There was a data presented during the event, which could possibly shatter the confidence of the doctors in using my drug. What most funny is that the presentation was putting a question mark on one of our most established indications, which I couldn't help myself but to LOL. How worst a situation can be?

Of course, just based on one email I cannot determine how large and how severe is the damage. But with some other problems that we are facing now, I guess it is safe to say that my product is gonna face a challenging future.

Looking at the current situation, I don't know how much I can do, and how much I can help. But in the field that I am working, I believe besides rapport and sponsorship and other related help and services, the most important sales-factor is still our product data.

Honestly speaking, I don't know what is going to happen next, but I wish I am positive and strong enough to stay on. Gambateh!

Monday, October 11, 2010

Stressful life~

So freaking stress!

I don't wanna work can? Sobs I hate myself for being over stressing myself, but I just can't help it! Argh! How? I really don't know what to do. I hate to see the figures! I don't know what else I can do to push more and more and more. People said we should work smart not work hard but I have tried to try both but still I am far behind. How lar?

P/S: Stress level freaking high.

Thursday, October 7, 2010

DIY Miracle~

Often time I think and think and think. Analyze analyze and analyze.

I like to spend time in the toilet while showering. I feel the calmness when the steaming hot water pour onto my body. I feel relax and my mind starts to think better. I reflect the activities of my day, what have I done, what have I said, and reflect how people react to my words as well as to my actions.

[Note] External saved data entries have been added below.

definition cinf_on :: "'a set \<Rightarrow> ('a::real_normed_vector \<Rightarrow> 'b::real_normed_vector) \<Rightarrow> bool" where
  "cinf_on U f \<longleftrightarrow> (\<forall>k. Ck_on k U f)"

definition vf :: "'n::finite pt set \<Rightarrow> ('n pt \<Rightarrow> 'n pt) \<Rightarrow> bool" where
  "vf U X \<longleftrightarrow> cinf_on U X"

definition lie :: "('n::finite pt \<Rightarrow> 'n pt) \<Rightarrow> ('n pt \<Rightarrow> 'n pt) \<Rightarrow> 'n pt \<Rightarrow> 'n pt" where
  "lie X Y = (\<lambda>z. frechet_derivative Y (at z) (X z) - frechet_derivative X (at z) (Y z))"

text \<open>Action of a (1,1)-tensor field (pointwise linear map) on a vector field.\<close>
definition app :: "('n::finite pt \<Rightarrow> 'n pt \<Rightarrow> 'n pt) \<Rightarrow> ('n pt \<Rightarrow> 'n pt) \<Rightarrow> 'n pt \<Rightarrow> 'n pt" where
  "app T X = (\<lambda>z. T z (X z))"

definition Vert :: "'n::finite pt set" where
  "Vert = {w. fst w = 0}"

definition adapted_ats :: "'n::finite pt set \<Rightarrow> ('n pt \<Rightarrow> 'n pt \<Rightarrow> 'n pt) \<Rightarrow> bool" where
  "adapted_ats U J \<longleftrightarrow>
     (\<forall>z\<in>U. linear (J z) \<and> (\<forall>w. J z (J z w) = 0) \<and>
             range (J z) = Vert \<and> {w. J z w = 0} = Vert)
     \<and> (\<forall>w. cinf_on U (\<lambda>z. J z w))"

text \<open>Components t_ij of J = t_ij dx^i (x) d/dp_j.\<close>
definition tcoef :: "('n::finite pt \<Rightarrow> 'n pt \<Rightarrow> 'n pt) \<Rightarrow> 'n pt \<Rightarrow> 'n \<Rightarrow> 'n \<Rightarrow> real" where
  "tcoef J z i j = snd (J z (axis i 1, 0)) $ j"

definition J_regular :: "'n::finite pt set \<Rightarrow> ('n pt \<Rightarrow> 'n pt \<Rightarrow> 'n pt) \<Rightarrow> ('n pt \<Rightarrow> 'n pt) \<Rightarrow> bool" where
  "J_regular U J \<rho> \<longleftrightarrow>
     (\<forall>X. vf U X \<longrightarrow> (\<forall>z\<in>U. J z (lie \<rho> (app J X) z) = - J z (X z)))"

text \<open>Nonlinear connection, given by its smooth coefficients N_ij
  (delta/delta x^i = d/dx^i + N_ij d/dp_j).\<close>
definition nonlin_conn :: "'n::finite pt set \<Rightarrow> ('n pt \<Rightarrow> real^'n^'n) \<Rightarrow> bool" where
  "nonlin_conn U N \<longleftrightarrow> (\<forall>i j. cinf_on U (\<lambda>z. N z $ i $ j))"

definition hproj :: "('n::finite pt \<Rightarrow> real^'n^'n) \<Rightarrow> 'n pt \<Rightarrow> 'n pt \<Rightarrow> 'n pt" where
  "hproj N z w = (fst w, \<chi> j. \<Sum>i\<in>UNIV. N z $ i $ j * fst w $ i)"

text \<open>Vertical projector v = d/dp_j (x) delta p_j, delta p_j = dp_j - N_ij dx^i.\<close>
definition vproj :: "('n::finite pt \<Rightarrow> real^'n^'n) \<Rightarrow> 'n pt \<Rightarrow> 'n pt \<Rightarrow> 'n pt" where
  "vproj N z w = (0, \<chi> j. snd w $ j - (\<Sum>i\<in>UNIV. N z $ i $ j * fst w $ i))"

definition dyn_nabla :: "('n::finite pt \<Rightarrow> 'n pt) \<Rightarrow> ('n pt \<Rightarrow> real^'n^'n) \<Rightarrow> ('n pt \<Rightarrow> 'n pt) \<Rightarrow> 'n pt \<Rightarrow> 'n pt" where
  "dyn_nabla \<rho> N X = (\<lambda>z. hproj N z (lie \<rho> (app (hproj N) X) z) + vproj N z (lie \<rho> (app (vproj N) X) z))"

definition dyn_nablaT :: "('n::finite pt \<Rightarrow> 'n pt) \<Rightarrow> ('n pt \<Rightarrow> real^'n^'n) \<Rightarrow> ('n pt \<Rightarrow> 'n pt \<Rightarrow> 'n pt) \<Rightarrow> ('n pt \<Rightarrow> 'n pt) \<Rightarrow> 'n pt \<Rightarrow> 'n pt" where
  "dyn_nablaT \<rho> N T X = (\<lambda>z. dyn_nabla \<rho> N (app T X) z - T z (dyn_nabla \<rho> N X z))"

definition lieT :: "('n::finite pt \<Rightarrow> 'n pt) \<Rightarrow> ('n pt \<Rightarrow> 'n pt \<Rightarrow> 'n pt) \<Rightarrow> ('n pt \<Rightarrow> 'n pt) \<Rightarrow> 'n pt \<Rightarrow> 'n pt" where
  "lieT \<rho> T X = (\<lambda>z. lie \<rho> (app T X) z - T z (lie \<rho> X z))"

end

theory Submission
  imports Defs
begin

text \<open>Since \<open>ker J = im J\<close> is the vertical distribution, regularity \<open>J[\<rho>, JX] = -JX\<close> says that
  \<open>[\<rho>, JX]\<close> and \<open>-X\<close> have the same horizontal part, which is the identity for \<open>h\<close>.
  Applied to constant fields it shows that the matrix \<open>\<partial>\<xi>\<^sup>i/\<partial>p\<^sub>k\<close> inverts \<open>(t\<^sub>i\<^sub>k)\<close>, and hence
  \<open>J[\<rho>, Y] = -Y\<close> for every vertical field \<open>Y\<close>, in particular for \<open>Y = vX\<close>.
  Because \<open>hJ = 0\<close>, \<open>vJ = J\<close>, \<open>Jh = J\<close> and \<open>Jv = 0\<close>, the covariant derivative reduces to
  \<open>(\<nabla>J)X = v[\<rho>, JX] - J[\<rho>, hX]\<close>, which rearranges to \<open>\<L>\<^sub>\<rho>J + h - v\<close>. Expanding both
  brackets in coordinates, \<open>v\<close> contributes \<open>\<N>a\<close> because \<open>[\<rho>, JX]\<close> has horizontal part \<open>-a\<close>
  (\<open>a\<close> the \<open>dx\<close>-components of \<open>X\<close>),
  and the inverse relation turns the term \<open>(\<partial>\<xi>/\<partial>p)(\<N>a)\<close> of \<open>[\<rho>, hX]\<close> into another
  \<open>\<N>a\<close> under \<open>J\<close>; together they give the coefficient \<open>2\<N>\<^sub>i\<^sub>j\<close>.\<close>

subsection \<open>Calculus in the chart\<close>

abbreviation vf_apply :: "('n::finite pt \<Rightarrow> 'n pt) \<Rightarrow> ('n pt \<Rightarrow> real) \<Rightarrow> 'n pt \<Rightarrow> real" where
  "vf_apply \<rho> f z \<equiv> frechet_derivative f (at z) (\<rho> z)"

abbreviation partial_x :: "('n::finite pt \<Rightarrow> real) \<Rightarrow> 'n pt \<Rightarrow> 'n \<Rightarrow> real" where
  "partial_x f z i \<equiv> frechet_derivative f (at z) (axis i 1, 0)"

abbreviation partial_p :: "('n::finite pt \<Rightarrow> real) \<Rightarrow> 'n pt \<Rightarrow> 'n \<Rightarrow> real" where
  "partial_p f z i \<equiv> frechet_derivative f (at z) (0, axis i 1)"

lemma frechet_derivative_bounded_linear_compose:
  assumes "bounded_linear L" "f differentiable at z"
  shows "frechet_derivative (\<lambda>y. L (f y)) (at z) v = L (frechet_derivative f (at z) v)"
proof -
  have "((\<lambda>y. L (f y)) has_derivative (\<lambda>v. L (frechet_derivative f (at z) v))) (at z)"
    using bounded_linear.has_derivative[OF assms(1)] assms(2) frechet_derivative_works by blast
  then show ?thesis
    by (metis frechet_derivative_at)
qed

lemma differentiable_bounded_linear_compose:
  "bounded_linear L \<Longrightarrow> f differentiable at z \<Longrightarrow> (\<lambda>y. L (f y)) differentiable at z"
  unfolding differentiable_def using bounded_linear.has_derivative by blast

lemma bounded_linear_fst_component: "bounded_linear (\<lambda>w::'n::finite pt. fst w $ i)"
  by (rule bounded_linear_compose[OF bounded_linear_vec_nth bounded_linear_fst])

lemma bounded_linear_snd_component: "bounded_linear (\<lambda>w::'n::finite pt. snd w $ i)"
  by (rule bounded_linear_compose[OF bounded_linear_vec_nth bounded_linear_snd])

lemma frechet_derivative_fst_component:
  fixes f :: "'a::real_normed_vector \<Rightarrow> 'n::finite pt"
  shows "f differentiable at z \<Longrightarrow>
    frechet_derivative (\<lambda>y. fst (f y) $ i) (at z) v = fst (frechet_derivative f (at z) v) $ i"
  by (rule frechet_derivative_bounded_linear_compose[OF bounded_linear_fst_component])

lemma frechet_derivative_snd_component:
  fixes f :: "'a::real_normed_vector \<Rightarrow> 'n::finite pt"
  shows "f differentiable at z \<Longrightarrow>
    frechet_derivative (\<lambda>y. snd (f y) $ i) (at z) v = snd (frechet_derivative f (at z) v) $ i"
  by (rule frechet_derivative_bounded_linear_compose[OF bounded_linear_snd_component])

lemma frechet_derivative_sum_mult:
  fixes f g :: "'i \<Rightarrow> 'a::real_normed_vector \<Rightarrow> real"
  assumes "\<And>i. f i differentiable at z" "\<And>i. g i differentiable at z"
  shows "frechet_derivative (\<lambda>y. \<Sum>i\<in>I. f i y * g i y) (at z) v =
    (\<Sum>i\<in>I. frechet_derivative (f i) (at z) v * g i z + f i z * frechet_derivative (g i) (at z) v)"
proof -
  have "((\<lambda>y. \<Sum>i\<in>I. f i y * g i y) has_derivative
      (\<lambda>v. \<Sum>i\<in>I. f i z * frechet_derivative (g i) (at z) v + frechet_derivative (f i) (at z) v * g i z)) (at z)"
    using assms by (intro has_derivative_sum has_derivative_mult) (auto simp: frechet_derivative_works)
  then have "frechet_derivative (\<lambda>y. \<Sum>i\<in>I. f i y * g i y) (at z) =
      (\<lambda>v. \<Sum>i\<in>I. f i z * frechet_derivative (g i) (at z) v + frechet_derivative (f i) (at z) v * g i z)"
    by (rule frechet_derivative_at[symmetric])
  then show ?thesis
    by (simp add: add.commute)
qed

lemma differentiable_vec_lambda:
  assumes "\<And>j. (\<lambda>y. f j y) differentiable at z"
  shows "(\<lambda>y. (\<chi> j. f j y) :: real^'n::finite) differentiable at z"
proof -
  have "(\<lambda>y. \<Sum>j\<in>UNIV. f j y *\<^sub>R axis j (1::real)) differentiable at z"
    using assms by (intro differentiable_sum differentiable_scaleR) auto
  moreover have "(\<lambda>y. \<Sum>j\<in>UNIV. f j y *\<^sub>R axis j (1::real)) = (\<lambda>y. \<chi> j. f j y)"
    using basis_expansion[of "\<chi> j. f j _"] by (simp add: scalar_mult_eq_scaleR)
  ultimately show ?thesis by simp
qed

lemma frechet_derivative_fst_eq_0:
  assumes "f differentiable at z" "open U" "z \<in> U" "\<And>y. y \<in> U \<Longrightarrow> fst (f y) = 0"
  shows "fst (frechet_derivative f (at z) v) = 0"
proof -
  have "fst (frechet_derivative f (at z) v) = frechet_derivative (\<lambda>y. fst (f y)) (at z) v"
    by (rule frechet_derivative_bounded_linear_compose[OF bounded_linear_fst assms(1), symmetric])
  also have "frechet_derivative (\<lambda>y. fst (f y)) (at z) = frechet_derivative (\<lambda>y. 0) (at z)"
    by (rule frechet_derivative_transform_within_open[OF _ assms(2,3), symmetric]) (simp_all add: assms(4))
  finally show ?thesis by simp
qed

lemma differentiable_transform_within_open:
  assumes "f differentiable at z" "open U" "z \<in> U" "\<And>y. y \<in> U \<Longrightarrow> f y = g y"
  shows "g differentiable at z"
  using assms has_derivative_transform_within_open[of f _ z UNIV U g]
  unfolding differentiable_def by blast

lemma linear_pair_expansion:
  fixes D :: "'n::finite pt \<Rightarrow> 'b::real_vector"
  assumes "linear D"
  shows "D (a, b) = (\<Sum>i\<in>UNIV. a $ i *\<^sub>R D (axis i 1, 0)) + (\<Sum>i\<in>UNIV. b $ i *\<^sub>R D (0, axis i 1))"
proof -
  have expansion: "(a, b) = (\<Sum>i\<in>UNIV. a $ i *\<^sub>R (axis i 1, 0)) + (\<Sum>i\<in>UNIV. b $ i *\<^sub>R (0, axis i 1))"
    using basis_expansion[of a] basis_expansion[of b]
    by (simp add: prod_eq_iff fst_sum snd_sum scalar_mult_eq_scaleR)
  show ?thesis
    by (subst expansion) (simp only: linear_add[OF assms] linear_sum[OF assms] linear_scale[OF assms])
qed

lemma frechet_derivative_pair_components:
  fixes f :: "'n::finite pt \<Rightarrow> 'm::finite pt"
  assumes "f differentiable at z"
  shows "fst (frechet_derivative f (at z) (a, b)) $ i =
      (\<Sum>l\<in>UNIV. a $ l * partial_x (\<lambda>y. fst (f y) $ i) z l)
      + (\<Sum>l\<in>UNIV. b $ l * partial_p (\<lambda>y. fst (f y) $ i) z l)"
    and "snd (frechet_derivative f (at z) (a, b)) $ i =
      (\<Sum>l\<in>UNIV. a $ l * partial_x (\<lambda>y. snd (f y) $ i) z l)
      + (\<Sum>l\<in>UNIV. b $ l * partial_p (\<lambda>y. snd (f y) $ i) z l)"
  using linear_pair_expansion[OF linear_frechet_derivative[OF assms], of a b]
  by (simp_all add: frechet_derivative_fst_component[OF assms] frechet_derivative_snd_component[OF assms]
      fst_sum snd_sum sum_component)

lemma lie_transform_within_open:
  assumes "Y' differentiable at z" "open U" "z \<in> U" "\<And>y. y \<in> U \<Longrightarrow> Y y = Y' y"
  shows "lie \<rho> Y z = lie \<rho> Y' z"
proof -
  have "frechet_derivative Y' (at z) = frechet_derivative Y (at z)"
    by (rule frechet_derivative_transform_within_open[OF assms(1-3)]) (simp add: assms(4))
  then show ?thesis
    unfolding lie_def using assms(3,4) by simp
qed

lemma lie_zero_right: "\<rho> differentiable at z \<Longrightarrow> lie \<rho> (\<lambda>y. 0) z = 0"
  unfolding lie_def using linear_0[OF linear_frechet_derivative] by simp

Sometimes I am able to find the link between one person to another, sometimes I get to understand the person more under the hot water. I feel that my mind is clearer under the hot water. I think, and think and think. I analyze, and analyze and analyze.

I feel that I am a director, sitting on one side of the scene, rolling the camera while watching the actors come into life. I see them play, and I see myself a few hours ago playing as one of the actors. I see my customers and how they react to my play. I see our interactions and our conversations and I realize that there are still a huge room for improvement.

It hasn't been easy to be a sales person. Talent is one thing, but effort is a big thing that leads to its success. Looking at myself now, I know that I am still not good enough. But I want to prove it to myself that I can do better than I think I can.

I don't need a solution, I need a miracle. And I have to create one.

Wednesday, October 6, 2010

The sense of Gratitude~

Life...

At this point of time, is not perfect, but is good enough.

Thank God for all the blessings, and thank you everyone who make it together with me. Thanks to my family, my parents, my beloved one, my colleagues and friends. There are still a lot of stress, undone work, unfulfilled dreams ahead, but at this point of time I am contented and happy.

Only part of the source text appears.